lemma dominating_sets_F_edges:
  assumes "n \<ge> 1"
  shows "{S. dominating_set (FH_verts n) (F_edges n) S}
    = insert U ` Pow (\<Union>(blade ` {1..n})) \<union> hitting_sets blade {1..n}"
    (is "_ = insert U ` Pow ?W \<union> _")
proof (intro set_eqI)
  fix S
  have "U \<notin> ?W"
    by (auto simp: blade_def)
  have "dominating_set (FH_verts n) (F_edges n) S
      \<longleftrightarrow> S \<subseteq> insert U ?W \<and> (U \<in> S \<or> (\<forall>i\<in>{1..n}. S \<inter> blade i \<noteq> {}))"
    using dominating_set_between_F_H[OF assms order_refl F_edges_subset_H_edges] by (simp add: FH_verts_eq)
  moreover have "S \<subseteq> insert U ?W \<and> U \<in> S \<longleftrightarrow> S \<in> insert U ` Pow ?W"
  proof
    assume "S \<subseteq> insert U ?W \<and> U \<in> S"
    then have "S = insert U (S - {U})" "S - {U} \<in> Pow ?W"
      by auto
    then show "S \<in> insert U ` Pow ?W"
      by (rule image_eqI)
  qed (use \<open>U \<notin> ?W\<close> in auto)
  moreover have "S \<subseteq> insert U ?W \<and> U \<notin> S \<and> (\<forall>i\<in>{1..n}. S \<inter> blade i \<noteq> {})
      \<longleftrightarrow> S \<in> hitting_sets blade {1..n}"
    using \<open>U \<notin> ?W\<close> by (auto simp: hitting_sets_def)
  ultimately show "S \<in> {S. dominating_set (FH_verts n) (F_edges n) S}
      \<longleftrightarrow> S \<in> insert U ` Pow ?W \<union> hitting_sets blade {1..n}"
    unfolding mem_Collect_eq Un_iff by argo
qed

lemma dom_poly_H_edges_eq_F_edges:
  assumes "n \<ge> 1"
  shows "dom_poly (FH_verts n) (H_edges n) = dom_poly (FH_verts n) (F_edges n)"
proof -
  have "dominating_set (FH_verts n) (H_edges n) = dominating_set (FH_verts n) (F_edges n)"
  proof
    fix S
    show "dominating_set (FH_verts n) (H_edges n) S = dominating_set (FH_verts n) (F_edges n) S"
      unfolding dominating_set_between_F_H[OF assms F_edges_subset_H_edges order_refl]
        dominating_set_between_F_H[OF assms order_refl F_edges_subset_H_edges] ..
  qed
  then show ?thesis
    unfolding dom_poly_def by (rule arg_cong)
qed

lemma dom_poly_F_edges:
  assumes "n \<ge> 1"
  shows "dom_poly (FH_verts n) (F_edges n) = [:0, 2, 1:] ^ n + [:0, 1:] * [:1, 1:] ^ (2 * n)"
proof -
  let ?W = "\<Union>(blade ` {1..n})"
  have fin: "finite ?W" "\<forall>i\<in>{1..n}. finite (blade i)"
    by (auto simp: blade_def)
  have "U \<notin> ?W"
    by (auto simp: blade_def)
  then have disj: "hitting_sets blade {1..n} \<inter> insert U ` Pow ?W = {}"
    by (auto simp: hitting_sets_def)
  have card_W: "card ?W = 2 * n"
    using card_UN_disjoint[of "{1..n}" blade] fin disjoint_family_blade
    by (auto simp: disjoint_family_on_def blade_def)
  have sum_with_U: "(\<Sum>S\<in>insert U ` Pow ?W. monom 1 (card S)) = [:0, 1:] * [:1, 1 :: int:] ^ (2 * n)"
    using fin \<open>U \<notin> ?W\<close> card_W by (simp add: sum_insert_Pow_monom_card sum_Pow_monom_card)
  have "(\<Sum>S\<in>hitting_sets blade {1..n}. monom 1 (card S)) = (\<Prod>i\<in>{1..n}. [:1, 1 :: int:] ^ card (blade i) - 1)"
    using fin disjoint_family_blade by (simp add: sum_hitting_sets_monom_card)
  also have "\<dots> = [:0, 2, 1:] ^ n"
  proof -
    have "[:1, 1 :: int:] ^ card (blade i) - 1 = [:0, 2, 1:]" for i
      by (simp add: blade_def power2_eq_square one_pCons numeral_2_eq_2)
    then show ?thesis
      by simp
  qed
  finally have sum_hitting: "(\<Sum>S\<in>hitting_sets blade {1..n}. monom 1 (card S)) = [:0, 2, 1 :: int:] ^ n" .
  have "finite (hitting_sets blade {1..n})" "finite (insert U ` Pow ?W)"
    using fin by (simp_all add: finite_hitting_sets)
  then have "dom_poly (FH_verts n) (F_edges n)
      = (\<Sum>S\<in>hitting_sets blade {1..n}. monom 1 (card S)) + (\<Sum>S\<in>insert U ` Pow ?W. monom 1 (card S))"
    unfolding dom_poly_def dominating_sets_F_edges[OF assms] Un_commute[of "insert U ` _"]
    using disj by (rule sum.union_disjoint)
  then show ?thesis
    unfolding sum_with_U sum_hitting .
qed

lemma simple_graph_edge_obtain:
  assumes "simple_graph V E" "e \<in> E"
  obtains x y where "x \<in> V" "y \<in> V" "e = {x, y}"
proof -
  have "e \<subseteq> V" "card e = 2"
    using assms by (auto simp: simple_graph_def)
  then show thesis
    using that by (metis card_2_iff insert_subset)
qed

lemma simple_graph_finite_edges: "simple_graph V E \<Longrightarrow> finite E"
  by (rule finite_subset[of E "Pow V"]) (auto simp: simple_graph_def)

lemma graph_iso_card_edges:
  assumes "simple_graph V1 E1" "simple_graph V2 E2" "graph_iso V1 E1 V2 E2"
  shows "card E1 = card E2"
proof -
  obtain f where bij: "bij_betw f V1 V2"
    and edge_iff: "\<forall>x\<in>V1. \<forall>y\<in>V1. {x, y} \<in> E1 \<longleftrightarrow> {f x, f y} \<in> E2"
    using assms(3) unfolding graph_iso_def by blast
  have "bij_betw (image f) E1 E2"
  proof (rule bij_betw_imageI)
    have "E1 \<subseteq> Pow V1"
      using assms(1) by (auto simp: simple_graph_def)
    then show "inj_on (image f) E1"
      using inj_on_image_Pow[OF bij_betw_imp_inj_on[OF bij]] by (rule inj_on_subset[rotated])
    show "image f ` E1 = E2"
    proof (intro subset_antisym subsetI)
      fix e' assume "e' \<in> image f ` E1"
      then obtain e where e: "e \<in> E1" "e' = f ` e"
        by blast
      with assms(1) obtain x y where "x \<in> V1" "y \<in> V1" "e = {x, y}"
        by (elim simple_graph_edge_obtain)
      with e edge_iff show "e' \<in> E2"
        by simp
    next
      fix e' assume "e' \<in> E2"
      with assms(2) obtain x' y' where "x' \<in> V2" "y' \<in> V2" "e' = {x', y'}"
        by (elim simple_graph_edge_obtain)
      moreover have "V2 = f ` V1"
        using bij by (simp add: bij_betw_def)
      ultimately obtain x y where "x \<in> V1" "y \<in> V1" "e' = f ` {x, y}"
        by auto
      moreover from this edge_iff \<open>e' \<in> E2\<close> have "{x, y} \<in> E1"
        by simp
      ultimately show "e' \<in> image f ` E1"
        by blast
    qed
  qed
  then show ?thesis
    by (rule bij_betw_same_card)
qed

lemma simple_graph_F_edges: "simple_graph (FH_verts n) (F_edges n)"
  by (auto simp: simple_graph_def FH_verts_def F_edges_def)

lemma simple_graph_H_edges: "simple_graph (FH_verts n) (H_edges n)"
  by (auto simp: simple_graph_def FH_verts_def H_edges_def F_edges_def)

lemma card_F_edges_less_H_edges:
  assumes "n \<ge> 2"
  shows "card (F_edges n) < card (H_edges n)"
proof (rule psubset_card_mono)
  show "finite (H_edges n)"
    using simple_graph_H_edges by (rule simple_graph_finite_edges)
  have "{B 1, B 2} \<in> {{B i, B j} | i j. 1 \<le> i \<and> i < j \<and> j \<le> n}"
    using assms by (intro CollectI exI[of _ 1] exI[of _ 2]) simp
  then have "{B 1, B 2} \<in> H_edges n" "{B 1, B 2} \<notin> F_edges n"
    by (auto simp: H_edges_def F_edges_def)
  with F_edges_subset_H_edges show "F_edges n \<subset> H_edges n"
    by blast
qed

theorem mainTheorem7:
  fixes n :: nat
  assumes "n \<ge> 2"
  shows "\<not> graph_iso (FH_verts n) (H_edges n) (FH_verts n) (F_edges n)
    \<and> dom_poly (FH_verts n) (H_edges n) = dom_poly (FH_verts n) (F_edges n)
    \<and> dom_poly (FH_verts n) (F_edges n) = [:0, 2, 1:] ^ n + [:0, 1:] * [:1, 1:] ^ (2 * n)"
proof (intro conjI)
  have "card (H_edges n) \<noteq> card (F_edges n)"
    using card_F_edges_less_H_edges[OF assms] by simp
  then show "\<not> graph_iso (FH_verts n) (H_edges n) (FH_verts n) (F_edges n)"
    using graph_iso_card_edges[OF simple_graph_H_edges simple_graph_F_edges] by blast
  from assms have "n \<ge> 1"
    by simp
  then show "dom_poly (FH_verts n) (H_edges n) = dom_poly (FH_verts n) (F_edges n)"
    and "dom_poly (FH_verts n) (F_edges n) = [:0, 2, 1:] ^ n + [:0, 1:] * [:1, 1:] ^ (2 * n)"
    by (rule dom_poly_H_edges_eq_F_edges, rule dom_poly_F_edges)
qed

end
━━━━━━━━━━━━━━━━
- **What you should do**: Print exactly the lines above from the one with "S \<longleftrightarrow> S" to the one with "(H_edges n) S", including both.

- **Exercise output**:
  moreover have "S \<subseteq> insert U ?W \<and> U \<in> S \<longleftrightarrow> S \<in> insert U ` Pow ?W"
  proof
    assume "S \<subseteq> insert U ?W \<and> U \<in> S"
    then have "S = insert U (S - {U})" "S - {U} \<in> Pow ?W"
      by auto
    then show "S \<in> insert U ` Pow ?W"
      by (rule image_eqI)
  qed (use \<open>U \<notin> ?W\<close> in auto)
  moreover have "S \<subseteq> insert U ?W \<and> U \<notin> S \<and> (\<forall>i\<in>{1..n}. S \<inter> blade i \<noteq> {})
      \<longleftrightarrow> S \<in> hitting_sets blade {1..n}"
    using \<open>U \<notin> ?W\<close> by (auto simp: hitting_sets_def)
  ultimately show "S \<in> {S. dominating_set (FH_verts n) (F_edges n) S}
      \<longleftrightarrow> S \<in> insert U ` Pow ?W \<union> hitting_sets blade {1..n}"
    unfolding mem_Collect_eq Un_iff by argo
qed

lemma dom_poly_H_edges_eq_F_edges:
  assumes "n \<ge> 1"
  shows "dom_poly (FH_verts n) (H_edges n) = dom_poly (FH_verts n) (F_edges n)"
proof -
  have "dominating_set (FH_verts n) (H_edges n) = dominating_set (FH_verts n) (F_edges n)"
  proof
    fix S
    show "dominating_set (FH_verts n) (H_edges n) S = dominating_set (FH_verts n) (F_edges n) S"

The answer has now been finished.